ACTION ITEM: From the records below, set down exactly the lines starting with the line that contains "text \<open>Let \<open>E\<^sub>n\<close>" and going on through the line that contains "n\<close> up to". Nothing else is wanted.

Segment Start: WORKING DATA

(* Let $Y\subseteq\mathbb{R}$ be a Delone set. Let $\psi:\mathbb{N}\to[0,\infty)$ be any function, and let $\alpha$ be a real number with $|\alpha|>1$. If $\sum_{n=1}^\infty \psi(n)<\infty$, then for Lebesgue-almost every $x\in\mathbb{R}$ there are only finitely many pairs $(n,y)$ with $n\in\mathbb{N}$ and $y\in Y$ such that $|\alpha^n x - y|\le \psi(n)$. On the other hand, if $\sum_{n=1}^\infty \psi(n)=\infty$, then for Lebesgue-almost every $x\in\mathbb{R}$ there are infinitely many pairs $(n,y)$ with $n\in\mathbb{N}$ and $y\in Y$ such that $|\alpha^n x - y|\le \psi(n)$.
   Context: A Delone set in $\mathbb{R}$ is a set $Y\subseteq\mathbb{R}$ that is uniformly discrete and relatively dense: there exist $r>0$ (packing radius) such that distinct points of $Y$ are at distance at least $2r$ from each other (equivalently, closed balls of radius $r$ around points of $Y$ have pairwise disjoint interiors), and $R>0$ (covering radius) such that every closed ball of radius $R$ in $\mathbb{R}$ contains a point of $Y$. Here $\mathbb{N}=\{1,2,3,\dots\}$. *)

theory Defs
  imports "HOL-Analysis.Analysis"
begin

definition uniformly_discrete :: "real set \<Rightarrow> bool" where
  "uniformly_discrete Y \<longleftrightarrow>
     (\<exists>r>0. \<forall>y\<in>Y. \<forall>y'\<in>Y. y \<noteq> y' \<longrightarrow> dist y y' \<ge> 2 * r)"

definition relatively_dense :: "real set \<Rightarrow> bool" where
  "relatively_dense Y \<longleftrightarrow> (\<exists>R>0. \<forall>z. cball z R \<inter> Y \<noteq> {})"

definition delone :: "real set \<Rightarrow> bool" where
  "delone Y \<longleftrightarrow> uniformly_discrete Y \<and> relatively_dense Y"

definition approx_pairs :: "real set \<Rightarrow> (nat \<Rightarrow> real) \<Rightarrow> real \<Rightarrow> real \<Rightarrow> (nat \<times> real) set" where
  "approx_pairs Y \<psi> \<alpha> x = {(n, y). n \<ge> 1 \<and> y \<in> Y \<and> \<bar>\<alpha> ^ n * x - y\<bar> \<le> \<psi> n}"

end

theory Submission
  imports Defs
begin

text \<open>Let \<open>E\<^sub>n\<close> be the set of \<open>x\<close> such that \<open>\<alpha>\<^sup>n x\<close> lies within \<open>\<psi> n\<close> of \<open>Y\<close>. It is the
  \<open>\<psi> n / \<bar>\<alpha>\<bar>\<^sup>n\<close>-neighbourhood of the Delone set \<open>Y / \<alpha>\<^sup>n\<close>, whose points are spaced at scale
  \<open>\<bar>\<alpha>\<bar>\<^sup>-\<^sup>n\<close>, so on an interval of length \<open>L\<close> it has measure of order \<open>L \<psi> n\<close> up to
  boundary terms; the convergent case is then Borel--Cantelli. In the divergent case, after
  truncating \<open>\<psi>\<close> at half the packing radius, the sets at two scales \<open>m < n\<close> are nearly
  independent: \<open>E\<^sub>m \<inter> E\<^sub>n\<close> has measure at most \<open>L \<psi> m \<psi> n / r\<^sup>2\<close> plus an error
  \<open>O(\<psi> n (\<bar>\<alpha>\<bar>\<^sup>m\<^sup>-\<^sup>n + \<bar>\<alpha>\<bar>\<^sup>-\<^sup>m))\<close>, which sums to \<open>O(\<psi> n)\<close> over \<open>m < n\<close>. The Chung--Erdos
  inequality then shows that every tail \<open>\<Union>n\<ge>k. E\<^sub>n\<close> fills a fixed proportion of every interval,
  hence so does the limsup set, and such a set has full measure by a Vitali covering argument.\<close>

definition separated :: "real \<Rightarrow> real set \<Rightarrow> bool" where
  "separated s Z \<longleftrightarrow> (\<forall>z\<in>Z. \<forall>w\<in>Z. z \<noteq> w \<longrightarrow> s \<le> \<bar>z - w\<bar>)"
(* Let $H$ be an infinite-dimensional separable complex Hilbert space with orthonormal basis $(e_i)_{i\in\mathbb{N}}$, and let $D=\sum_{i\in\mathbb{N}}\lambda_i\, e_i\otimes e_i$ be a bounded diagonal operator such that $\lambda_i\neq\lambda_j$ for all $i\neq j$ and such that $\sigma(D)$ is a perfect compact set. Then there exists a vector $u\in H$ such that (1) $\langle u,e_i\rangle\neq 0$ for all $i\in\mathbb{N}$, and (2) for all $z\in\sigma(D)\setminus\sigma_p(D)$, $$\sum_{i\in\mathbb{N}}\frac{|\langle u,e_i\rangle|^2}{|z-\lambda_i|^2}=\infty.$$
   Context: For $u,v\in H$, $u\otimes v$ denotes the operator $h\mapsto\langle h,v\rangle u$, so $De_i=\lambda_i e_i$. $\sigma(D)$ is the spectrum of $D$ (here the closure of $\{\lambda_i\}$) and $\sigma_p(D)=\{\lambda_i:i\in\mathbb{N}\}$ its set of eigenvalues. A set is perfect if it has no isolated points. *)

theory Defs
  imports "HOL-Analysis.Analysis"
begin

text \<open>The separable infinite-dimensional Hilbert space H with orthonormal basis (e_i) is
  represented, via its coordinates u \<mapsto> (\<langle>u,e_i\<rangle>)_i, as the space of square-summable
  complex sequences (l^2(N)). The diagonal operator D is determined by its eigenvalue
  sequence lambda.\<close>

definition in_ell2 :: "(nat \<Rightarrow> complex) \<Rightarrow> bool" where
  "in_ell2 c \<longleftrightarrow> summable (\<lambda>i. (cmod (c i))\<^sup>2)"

Segment End: WORKING DATA

RESULT FOR THIS TASK:
text \<open>Let \<open>E\<^sub>n\<close> be the set of \<open>x\<close> such that \<open>\<alpha>\<^sup>n x\<close> lies within \<open>\<psi> n\<close> of \<open>Y\<close>. It is the
  \<open>\<psi> n / \<bar>\<alpha>\<bar>\<^sup>n\<close>-neighbourhood of the Delone set \<open>Y / \<alpha>\<^sup>n\<close>, whose points are spaced at scale
  \<open>\<bar>\<alpha>\<bar>\<^sup>-\<^sup>n\<close>, so on an interval of length \<open>L\<close> it has measure of order \<open>L \<psi> n\<close> up to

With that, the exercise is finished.